Abstract
Optically active epoxides are useful chiral synthons in organic synthesis. They have been used as intermediates in the synthesis of natural compounds and biologically active substances, because they are easily converted to various derivatives stereoselectively and regioselectively. But, hitherto the Sharpless oxidation has been the only practical method available for asymmetric epoxidation of olefinic compounds. On the other hand, microbial epoxidation of olefinic compounds has been investigated for the last 30 years. Although the epoxides produced by microorganisms have been shown to be optically active in most cases, they have not been employed in organic synthesis because of low productivity.
The authors have studied microbial epoxidation by Nocardia corallina B-276, which was isolated from soil with propylene as the sole source of carbon. This microorganism differs from other microorganisms because it grows on carbohydrates such as glucose and sucrose, and shows epoxidating activity while others exhibit their activities only when they grow on hydrocarbons such as methane, ethane, ethylene and higher alkanes and alkenes. This strain has a wide range of substrate specificity in epoxidation and produces epoxides from corresponding 1-alkenes (C2-C18), 2-alkenes, halogenated alkenes, allyl ether, styrene and related compounds. The optical purity of the products changed according to structure of substrate olefinic compounds. It ranged between 66 and 94%ee in aliphatic 1, 2-epoxides, while it ranged from 5 to 97%ee in aromatic ones. The optical purity of each product did not change by reaction conditions.

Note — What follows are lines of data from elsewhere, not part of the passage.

lemma non_generating_sequence_inj_on:
  assumes "total_on (Field R) R" and seq: "non_generating_sequence A R U W"
  shows "inj_on U (Field R)"
proof -
  have earlier_differ: "U j \<noteq> U i" if "i \<in> Field R" and "j \<in> underS R i" for i j
  proof
    assume "U j = U i"
    with \<open>j \<in> underS R i\<close> have "{U i} \<in> Fpow (U ` underS R i)"
      by (auto simp: Fpow_def)
    moreover have "U i \<subseteq> W i"
    proof
      fix x assume "x \<in> U i"
      moreover have "0 \<in> U i"
        using seq \<open>i \<in> Field R\<close> by (simp add: non_generating_sequence_def nbhds_e_def)
      ultimately have "x + 0 + 0 \<in> U i + U i + U i"
        by (intro set_plus_intro)
      then show "x \<in> W i"
        using seq \<open>i \<in> Field R\<close> by (auto simp: non_generating_sequence_def)
    qed
    then have "left_entourage A (\<Inter>{U i}) \<subseteq> left_entourage A (W i)"
      by (auto simp: left_entourage_def)
    ultimately show False
      using seq \<open>i \<in> Field R\<close> unfolding non_generating_sequence_def by blast
  qed
  show ?thesis
  proof (rule inj_onI)
    fix i j assume "i \<in> Field R" and "j \<in> Field R" and "U i = U j"
    show "i = j"
    proof (rule ccontr)
      assume "i \<noteq> j"
      with assms(1) \<open>i \<in> Field R\<close> \<open>j \<in> Field R\<close> have "j \<in> underS R i \<or> i \<in> underS R j"
        unfolding total_on_def underS_def by blast
      with earlier_differ \<open>i \<in> Field R\<close> \<open>j \<in> Field R\<close> \<open>U i = U j\<close> show False
        by metis
    qed
  qed
qed

lemma non_generating_sequence_witnesses:
  fixes A :: "'a::topological_group_add set"
  assumes seq: "non_generating_sequence A R U W" and "finite T" and "T \<subseteq> Field R"
  shows "\<exists>x y. \<forall>t\<in>T. x t \<in> A \<and> y t \<in> A \<and>
    -x t + y t \<in> \<Inter>(U ` (T \<inter> underS R t)) \<and> -x t + y t \<notin> W t"
proof -
  have "\<forall>t\<in>T. \<exists>p. p \<in> left_entourage A (\<Inter>(U ` (T \<inter> underS R t))) - left_entourage A (W t)"
  proof
    fix t assume "t \<in> T"
    have "U ` (T \<inter> underS R t) \<in> Fpow (U ` underS R t)"
      using \<open>finite T\<close> by (auto simp: Fpow_def)
    moreover have "t \<in> Field R"
      using \<open>t \<in> T\<close> \<open>T \<subseteq> Field R\<close> by blast
    ultimately have "\<not> left_entourage A (\<Inter>(U ` (T \<inter> underS R t))) \<subseteq> left_entourage A (W t)"
      using seq unfolding non_generating_sequence_def by blast
    then show "\<exists>p. p \<in> left_entourage A (\<Inter>(U ` (T \<inter> underS R t))) - left_entourage A (W t)"
      by blast
  qed
  then obtain p where p: "\<forall>t\<in>T. p t \<in> left_entourage A (\<Inter>(U ` (T \<inter> underS R t))) - left_entourage A (W t)"
    by (rule bchoice[THEN exE])
  define x y where "x t = fst (p t)" and "y t = snd (p t)" for t
  have "\<forall>t\<in>T. x t \<in> A \<and> y t \<in> A \<and>
      -x t + y t \<in> \<Inter>(U ` (T \<inter> underS R t)) \<and> -x t + y t \<notin> W t"
  proof
    fix t assume "t \<in> T"
    with p have "(x t, y t) \<in> left_entourage A (\<Inter>(U ` (T \<inter> underS R t))) - left_entourage A (W t)"
      by (simp add: x_def y_def)
    then show "x t \<in> A \<and> y t \<in> A \<and> -x t + y t \<in> \<Inter>(U ` (T \<inter> underS R t)) \<and> -x t + y t \<notin> W t"
      by auto
  qed
  then show ?thesis
    by blast
qed

lemma non_generating_sequence_no_common_nbhd:
  fixes A :: "'a::topological_group_add set"
  assumes "precompact A" and total: "total_on (Field R) R"
    and seq: "non_generating_sequence A R U W"
    and "I \<subseteq> Field R" and "infinite I"
  shows "\<not> (\<exists>u\<in>nbhds_e. \<forall>i\<in>I. u \<subseteq> U i)"
proof
  assume "\<exists>u\<in>nbhds_e. \<forall>i\<in>I. u \<subseteq> U i"
  then obtain u where "u \<in> nbhds_e" and u: "\<forall>i\<in>I. u \<subseteq> U i"
    by blast
  obtain V where "V \<in> nbhds_e" and V: "\<forall>v\<in>V. \<forall>w\<in>V. -v + w \<in> u"
    using nbhds_e_left_diff_subset[OF \<open>u \<in> nbhds_e\<close>] by blast
  obtain F where "finite F" and F: "\<forall>a\<in>A. \<exists>f\<in>F. -f + a \<in> V"
    using precompact_left_net[OF \<open>precompact A\<close> \<open>V \<in> nbhds_e\<close>] by blast
  obtain T where "finite T" and "T \<subseteq> I" and card_T: "card T = Suc (card (F \<times> F))"
    using infinite_arbitrarily_large[OF \<open>infinite I\<close>] by blast
  with \<open>I \<subseteq> Field R\<close> have "T \<subseteq> Field R"
    by blast
  then obtain x y where xy: "\<forall>t\<in>T. x t \<in> A \<and> y t \<in> A \<and>
      -x t + y t \<in> \<Inter>(U ` (T \<inter> underS R t)) \<and> -x t + y t \<notin> W t"
    using non_generating_sequence_witnesses[OF seq \<open>finite T\<close>] by blast
  have no_earlier: False
    if "s \<in> T" "t \<in> T" "s \<in> underS R t"
      and "-f + x s \<in> V" "-f + x t \<in> V" "-g + y s \<in> V" "-g + y t \<in> V" for s t f g
  proof -
    from \<open>s \<in> T\<close> \<open>T \<subseteq> I\<close> \<open>T \<subseteq> Field R\<close> have "s \<in> I" and "s \<in> Field R"
      by blast+
    then have "\<forall>v\<in>V. \<forall>w\<in>V. -v + w \<in> U s"
      using V u by blast
    moreover have "-x t + y t \<in> U s"
      using xy \<open>s \<in> T\<close> \<open>t \<in> T\<close> \<open>s \<in> underS R t\<close> by blast
    ultimately have "-x s + y s \<in> U s + U s + U s"
      using left_diff_in_add3_if_same_cells that(4-7) by blast
    with seq xy \<open>s \<in> Field R\<close> \<open>s \<in> T\<close> show False
      unfolding non_generating_sequence_def by blast
  qed
  have "card (F \<times> F) < card T" and "\<forall>t\<in>T. x t \<in> A \<and> y t \<in> A"
    using card_T xy by simp_all
  then obtain s t f g where "s \<in> T" "t \<in> T" "s \<noteq> t"
    and cells: "-f + x s \<in> V" "-f + x t \<in> V" "-g + y s \<in> V" "-g + y t \<in> V"
    by (rule two_pairs_in_same_cells[OF \<open>finite F\<close> F \<open>finite T\<close>])
  have "s \<in> Field R" and "t \<in> Field R"
    using \<open>s \<in> T\<close> \<open>t \<in> T\<close> \<open>T \<subseteq> Field R\<close> by blast+
  with \<open>s \<noteq> t\<close> total have "s \<in> underS R t \<or> t \<in> underS R s"
    unfolding total_on_def underS_def by blast
  then show False
  proof
    assume "s \<in> underS R t"
    from no_earlier[OF \<open>s \<in> T\<close> \<open>t \<in> T\<close> this cells] show False .
  next
    assume "t \<in> underS R s"
    from no_earlier[OF \<open>t \<in> T\<close> \<open>s \<in> T\<close> this cells(2,1,4,3)] show False .
  qed
qed

lemma calibre_excludes_non_generating_sequence:
  fixes A :: "'a::topological_group_add set" and kappa :: "'k rel"
  assumes "Card_order kappa" and "precompact A"
    and cal: "calibre (nbhds_e :: 'a set set) (\<lambda>U V. V \<subseteq> U) (cardSuc kappa) natLeq"
  shows "\<not> non_generating_sequence A (cardSuc kappa) U W"
proof
  let ?R = "cardSuc kappa"
  assume seq: "non_generating_sequence A ?R U W"
  have "Card_order ?R"
    using cardSuc_Card_order[OF assms(1)] .
  then have "Well_order ?R"
    by (rule card_order_on_well_order_on)
  then have total: "total_on (Field ?R) ?R"
    by (simp add: well_order_on_def linear_order_on_def)
  have "( |U ` Field ?R|, ?R) \<in> ordIso"
    using card_of_inj_image_Field_ordIso[OF \<open>Card_order ?R\<close> non_generating_sequence_inj_on[OF total seq]] .
  moreover have "U ` Field ?R \<subseteq> nbhds_e"
    using seq by (auto simp: non_generating_sequence_def)
  ultimately obtain T u where "T \<subseteq> U ` Field ?R" and "( |T|, natLeq) \<in> ordIso"
    and "u \<in> nbhds_e" and u: "\<forall>t\<in>T. u \<subseteq> t"
    using cal unfolding calibre_def by meson
  define I where "I = {i \<in> Field ?R. U i \<in> T}"
  have "T \<subseteq> U ` I"
    using \<open>T \<subseteq> U ` Field ?R\<close> unfolding I_def by blast
  then have "infinite I"
    using infinite_if_ordIso_natLeq[OF \<open>( |T|, natLeq) \<in> ordIso\<close>] by (meson finite_imageI finite_subset)
  moreover have "I \<subseteq> Field ?R" and "\<forall>i\<in>I. u \<subseteq> U i"
    using u unfolding I_def by auto
  ultimately show False
    using non_generating_sequence_no_common_nbhd[OF assms(2) total seq] \<open>u \<in> nbhds_e\<close> by blast
qed

theorem mainTheorem10:
  fixes A :: "'a::topological_group_add set"
    and kappa :: "'k rel"
  assumes "Card_order kappa" and "infinite (Field kappa)"
    and "precompact A"
    and "calibre (nbhds_e :: 'a set set) (\<lambda>U V. V \<subseteq> U) (cardSuc kappa) natLeq"
  shows "weight_le (subtopology euclidean A) kappa"
proof (rule ccontr)
  assume "\<not> weight_le (subtopology euclidean A) kappa"
  then have "\<And>\<V>. \<V> \<subseteq> nbhds_e \<Longrightarrow> |\<V>| \<le>o kappa \<Longrightarrow> \<not> generates_uniformity_on A \<V>"
    using weight_le_if_generates_uniformity_on[OF assms(1-3)] by blast
  then obtain U W where "non_generating_sequence A (cardSuc kappa) U W"
    using exists_non_generating_sequence[OF assms(1)] by blast
  with calibre_excludes_non_generating_sequence[OF assms(1,3,4)] show False
    by blast
qed

end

The productivity of epoxides by N. corallina B-276 has been improved in 3 ways: by carbon number of the substrates, degree of product inhibition and physical properties of the products. A two-liquid phase reaction system was applied to epoxidation of moderate chain length alkenes (C6-C12) by resting cell reaction with glucose-grown cells. Productivity of 1, 2-epoxyoctane was improved: by adding organic solvents, such as n-hexadecane, to the reaction mixture and the concentration of 1, 2-epoxyoctane in the reaction mixture reaching 30g/l after an optimization of reaction condition. Substrate inhibition was not observed in the epoxidation of 1-octene and the rate of epoxidation decreased when the product was added to reaction mixture. These results imply that the organic solvent reduces product inhibition by 1, 2-epoxyoctane. The same system enabled us to produce styrene oxide, phenyl glycidyl ethers and related compounds. In styrene oxide production, n-hexadecane reduced both product and substrate inhibition. The products accumulated in the solvent can be recovered by distillation.
N. corallina B-276 grows well on 1-alkenes above C13 and accumulates 1, 2-epoxides because of the weak product inhibition by epoxides with long chain length. In an optimized medium and cultivating conditions, the concentration of 1, 2-epoxytetradecane reached 80g/l in 6 days. This growing cell reaction is applicable to C13-C17 1-alkenes.

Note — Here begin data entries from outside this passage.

(* Let $f \in \mathcal{C}_{2\pi}$, let $A_n[f]$ be the Toeplitz matrix generated by $f$ and $c_n[f]$ the optimal circulant preconditioner for $A_n[f]$. Assume that $\cos c_n[f]$ is invertible for every $n$ and that there is a constant $C$ with $\|(\cos c_n[f])^{-1}\|_2\le C$ for all $n$. Then for every $\epsilon>0$ there exist positive integers $N$ and $M$ such that for every $n>N$ there are matrices $\overline{\mathscr R}_n[f],\overline{\mathscr E}_n[f]\in\mathbb{C}^{n\times n}$ with \[ \big[(\cos c_n[f])^{-1}\cos A_n[f]\big]^{*}\big[(\cos c_n[f])^{-1}\cos A_n[f]\big] = I_n+\overline{\mathscr R}_n[f]+\overline{\mathscr E}_n[f],\quad \operatorname{rank}\overline{\mathscr R}_n[f]\le 4M,\quad \|\overline{\mathscr E}_n[f]\|_2\le\epsilon. \]
   Context: $\mathcal{C}_{2\pi}$ denotes the Banach space of all $2\pi$-periodic continuous complex-valued functions on $\mathbb{R}$ with the supremum norm $\|\cdot\|_\infty$. For $f\in\mathcal{C}_{2\pi}$ its Fourier coefficients are $a_k=\frac{1}{2\pi}\int_{-\pi}^{\pi} f(\theta)e^{-\mathbf{i}k\theta}\,d\theta$, $k\in\mathbb{Z}$. The Toeplitz matrix generated by $f$ is the $n\times n$ matrix $A_n[f]$ whose $(j,k)$ entry is $a_{j-k}$. The optimal circulant preconditioner $c_n[f]$ is the $n\times n$ circulant matrix whose $(j,k)$ entry is $c_{(j-k)\bmod n}$, where $c_k=\frac{(n-k)a_k+k\,a_{k-n}}{n}$ for $0\le k<n$. For a square matrix $X$, $\cos X=\sum_{m\ge0}\frac{(-1)^m}{(2m)!}X^{2m}$; $X^*$ is the conjugate transpose. $I_n$ is the $n\times n$ identity and $\|\cdot\|_2$ is the spectral norm. *)

theory Defs
  imports "HOL-Analysis.Analysis" "Jordan_Normal_Form.Schur_Decomposition" "Jordan_Normal_Form.DL_Rank"
begin

definition fourier_coeff :: "(real \<Rightarrow> complex) \<Rightarrow> int \<Rightarrow> complex" where
  "fourier_coeff f k = integral {-pi..pi} (\<lambda>\<theta>. f \<theta> * exp (- \<i> * of_int k * of_real \<theta>)) / (2 * of_real pi)"

definition toeplitz :: "(real \<Rightarrow> complex) \<Rightarrow> nat \<Rightarrow> complex mat" where
  "toeplitz f n = mat n n (\<lambda>(j,k). fourier_coeff f (int j - int k))"

definition opt_circ_coeff :: "(real \<Rightarrow> complex) \<Rightarrow> nat \<Rightarrow> nat \<Rightarrow> complex" where
  "opt_circ_coeff f n k = (of_nat (n - k) * fourier_coeff f (int k)
       + of_nat k * fourier_coeff f (int k - int n)) / of_nat n"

There are two difficulties in the production of epoxides from gaseous olefins. One is strong product inhibition and the other is recovery of the product present in exhaust gas in a very low concentration. In the production of propylene oxide, it was possible to raise production rate and maintain it by transferring the product to gas phase and keeping concentration of the product in reaction mixture low with high rate of aeration. After an optimization of reaction condition, the rate of propylene oxide production reached 0.4mol/l/day. The product in gas phase can be recovered at a favorable yield by a new recovery process employing absorption by solvents.
Among these optically active epoxides produced by N.